There are very few dinners that feel as comforting, crowd-pleasing and downright reliable as a potato and bacon bake. Creamy layers of thinly sliced potato, crispy bacon and melted cheese come together to create the ultimate side dish (or sneaky main meal) that works just as well for weeknight dinners as it does for entertaining.
If you love classic comfort food, this recipe sits beautifully alongside my oven baked Chicken, Rice and Bacon and One Pot Mac and Cheese - simple, family-friendly recipes that always get rave reviews!

This potato and bacon bake is everything a great potato bake should be: rich without being heavy, full of flavour, and easy enough for busy families. Unlike some versions that turn watery or take forever to cook, this recipe uses the right potato variety, a simple cream base, and a layered method that guarantees soft potatoes and a golden, cheesy top every single time.

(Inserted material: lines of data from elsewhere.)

text \<open>All edges are stored as pairs (j,k) with j < k:
  (j,k) in up: up edge j -> k;  (j,k) in down: down edge j <- k (directed from k to j);
  (j,k) in downish: undirected downish edge jk.\<close>
record mgraph =
  up :: "(nat \<times> nat) set"
  down :: "(nat \<times> nat) set"
  downish :: "(nat \<times> nat) set"

definition vpairs :: "nat \<Rightarrow> (nat \<times> nat) set" where
  "vpairs n = {(j, k). 1 \<le> j \<and> j < k \<and> k \<le> n}"

definition mixed_graph :: "nat \<Rightarrow> mgraph \<Rightarrow> bool" where
  "mixed_graph n P \<longleftrightarrow>
     up P \<subseteq> vpairs n \<and> down P \<subseteq> vpairs n \<and> downish P \<subseteq> vpairs n \<and>
     up P \<inter> down P = {} \<and> up P \<inter> downish P = {} \<and> down P \<inter> downish P = {} \<and>
     up P \<union> down P \<union> downish P = vpairs n"

text \<open>Arcs (from, to) of the directed graph vec P (downish jk replaced by j <- k).\<close>
definition arcs :: "mgraph \<Rightarrow> (nat \<times> nat) set" where
  "arcs P = up P \<union> {(k, j). (j, k) \<in> down P} \<union> {(k, j). (j, k) \<in> downish P}"

definition is_down :: "mgraph \<Rightarrow> nat \<Rightarrow> nat \<Rightarrow> bool" where
  "is_down P a b \<longleftrightarrow> (min a b, max a b) \<in> down P"

definition is_downish :: "mgraph \<Rightarrow> nat \<Rightarrow> nat \<Rightarrow> bool" where
  "is_downish P a b \<longleftrightarrow> (min a b, max a b) \<in> downish P"
lemma g_eq_coframe_sum: "g x y = 2 * Re (\<Sum>k=1..n. \<phi> k x * cnj (\<phi> k y))"
proof -
  have "g x y - 2 * Re (\<Sum>k=1..n. cnj (\<phi> k y) * \<phi> k x) = 0"
  proof (rule linear_eq_0_on_frame[where f = "\<lambda>x. g x y - 2 * Re (\<Sum>k=1..n. cnj (\<phi> k y) * \<phi> k x)"])
    show "linear (\<lambda>x. g x y - 2 * Re (\<Sum>k=1..n. cnj (\<phi> k y) * \<phi> k x))"
      by (rule linearI) (simp_all add: g.add_left g.scaleR_left coframe_add coframe_scaleR
          algebra_simps sum.distrib sum_distrib_left)
    show "g (p l) y - 2 * Re (\<Sum>k=1..n. cnj (\<phi> k y) * \<phi> k (p l)) = 0" if "l \<in> {1..n}" for l
      by (simp only: sum_coframe_p[OF that]) (simp add: g_p_left[OF that])
    show "g (q l) y - 2 * Re (\<Sum>k=1..n. cnj (\<phi> k y) * \<phi> k (q l)) = 0" if "l \<in> {1..n}" for l
      by (simp only: sum_coframe_q[OF that]) (simp add: g_q_left[OF that])
  qed
  then show ?thesis by (simp add: mult.commute)
qed

end

section \<open>The Chern connection of an admissible frame\<close>

locale admissible_coframe = unitary_coframe J g n e \<phi>
  for J :: "'a::euclidean_space \<Rightarrow> 'a" and g n e \<phi> +
  fixes br :: "'a \<Rightarrow> 'a \<Rightarrow> 'a" and lam :: real
    and v :: "nat \<Rightarrow> complex" and A :: "nat \<Rightarrow> nat \<Rightarrow> complex"
  assumes admissible: "admissible_frame br J g n e \<phi> lam v A"
begin

abbreviation M :: "nat \<Rightarrow> nat \<Rightarrow> complex" where "M \<equiv> coefficient_matrix lam v A"

lemma coframe_1_bracket: "\<phi> 1 (br x y) = of_real lam * wedge (\<phi> 1) (cnjf (\<phi> 1)) x y"
  using admissible by (simp add: admissible_frame_def dCE_def)

lemma coframe_bracket:
  assumes k: "k \<in> {1..n}"
  shows "\<phi> k (br x y) = (\<phi> 1 x + cnj (\<phi> 1 x)) * (\<Sum>l=1..n. M k l * \<phi> l y)
                       - (\<phi> 1 y + cnj (\<phi> 1 y)) * (\<Sum>l=1..n. M k l * \<phi> l x)"
proof (cases "k = 1")
  case True
  have row_1: "(\<Sum>l=1..n. M 1 l * \<phi> l z) = - of_real lam * \<phi> 1 z" for z
    using one_in_frame_range by (simp add: coefficient_matrix_def if_distrib[of "\<lambda>c. c * _"] cong: if_cong)
  show ?thesis
    unfolding True coframe_1_bracket wedge_def cnjf_def row_1 by algebra
next
  case False
  then have k2: "k \<in> {2..n}" using k by auto
  define A_phi where "A_phi z = (\<Sum>j=2..n. cnj (A k j) * \<phi> j z)" for z
  have "- \<phi> k (br x y) = - cnj (v k) * wedge (\<phi> 1) (cnjf (\<phi> 1)) x y
         + (\<Sum>j=2..n. cnj (A k j) * wedge (\<lambda>z. \<phi> 1 z + cnjf (\<phi> 1) z) (\<phi> j) x y)"
    using admissible k2 by (simp add: admissible_frame_def dCE_def)
  also have "\<dots> = - cnj (v k) * (\<phi> 1 x * cnj (\<phi> 1 y) - \<phi> 1 y * cnj (\<phi> 1 x))
      + ((\<phi> 1 x + cnj (\<phi> 1 x)) * A_phi y - (\<phi> 1 y + cnj (\<phi> 1 y)) * A_phi x)"
    by (simp add: wedge_def cnjf_def A_phi_def sum_distrib_left sum_subtractf algebra_simps)
  finally have bracket: "\<phi> k (br x y) = cnj (v k) * (\<phi> 1 x * cnj (\<phi> 1 y) - \<phi> 1 y * cnj (\<phi> 1 x))
      - ((\<phi> 1 x + cnj (\<phi> 1 x)) * A_phi y - (\<phi> 1 y + cnj (\<phi> 1 y)) * A_phi x)"
    by (simp add: algebra_simps)
  have "1 \<le> n" using k2 by simp
  have row_k: "(\<Sum>l=1..n. M k l * \<phi> l z) = - cnj (v k) * \<phi> 1 z - A_phi z" for z
    using False k2 unfolding sum_atLeastAtMost_1_split[OF \<open>1 \<le> n\<close>] A_phi_def
    by (auto simp: coefficient_matrix_def sum_negf intro!: sum.cong)
  show ?thesis unfolding bracket row_k by algebra
qed

definition connection_form :: "'a \<Rightarrow> nat \<Rightarrow> nat \<Rightarrow> complex" where
  "connection_form x k l = cnj (\<phi> 1 x) * M k l - \<phi> 1 x * cnj (M l k)"

definition chern_nabla :: "'a \<Rightarrow> 'a \<Rightarrow> 'a" where
  "chern_nabla x y = frame_vector (\<lambda>k. \<Sum>l=1..n. connection_form x k l * \<phi> l y)"
theorem card_higher_requiring_le_kseq:
  assumes "p \<in> Pk" "arrival t p j" "u \<in> set (path p)"
  shows "real (card (higher t p u)) \<le> kseq b r h j - 1"
  using assms(2,3)
proof (induction j arbitrary: t u)
  case 0
  then show ?case
    using arrives_first_node[OF assms(1) 0(1)] card_higher_requiring_at_injection[OF assms(1) 0(2)]
    by simp
next
  case (Suc i)
  obtain t' where t': "t' < t" "arrival t' p i" "\<forall>s. t' \<le> s \<longrightarrow> s < t \<longrightarrow> pos s p = i"
    using previous_arrival[OF assms(1) Suc.prems(1)] by blast
  define D where "D = t - t'"
  have IH: "real (card (higher t' p v)) \<le> kseq b r h i - 1" if "v \<in> set (path p)" for v
    using Suc.IH t'(2) that by blast
  have "t' + D = t" using t'(1) unfolding D_def by simp
  have "i < length (path p) - 1"
    using t'(2) unfolding arrives_def in_sys_def by simp
  then have "real D \<le> real h * (kseq b r h i + r * D + b)"
    by (intro waiting_time_le[OF assms(1) t'(2)] IH) (use t'(3) \<open>t' + D = t\<close> in auto)
  moreover have "real (card (higher t p u)) \<le> kseq b r h i - 1 + r * D + b"
    using card_higher_requiring_growth[of t' t p u] t'(1) IH[OF Suc.prems(2)]
    unfolding D_def by simp
  ultimately show ?case
    using kseq_recursion_bound[OF r_nonneg rh_less_1] by simp
qed

end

It's a brilliant make-ahead dish for BBQs, Christmas lunch, Sunday roasts or even a cosy midweek dinner when served with a simple green salad. If you're feeding a crowd, this bake pairs perfectly with Honey Mustard Chicken or Slow Cooked Roast Beef.
Why You're Going To Love This Recipe
- Creamy, cheesy perfection with tender potatoes that melt in your mouth
- Simple ingredients you can grab from any supermarket
- Make-ahead friendly - perfect for entertaining
- Family-approved comfort food (even picky eaters love it)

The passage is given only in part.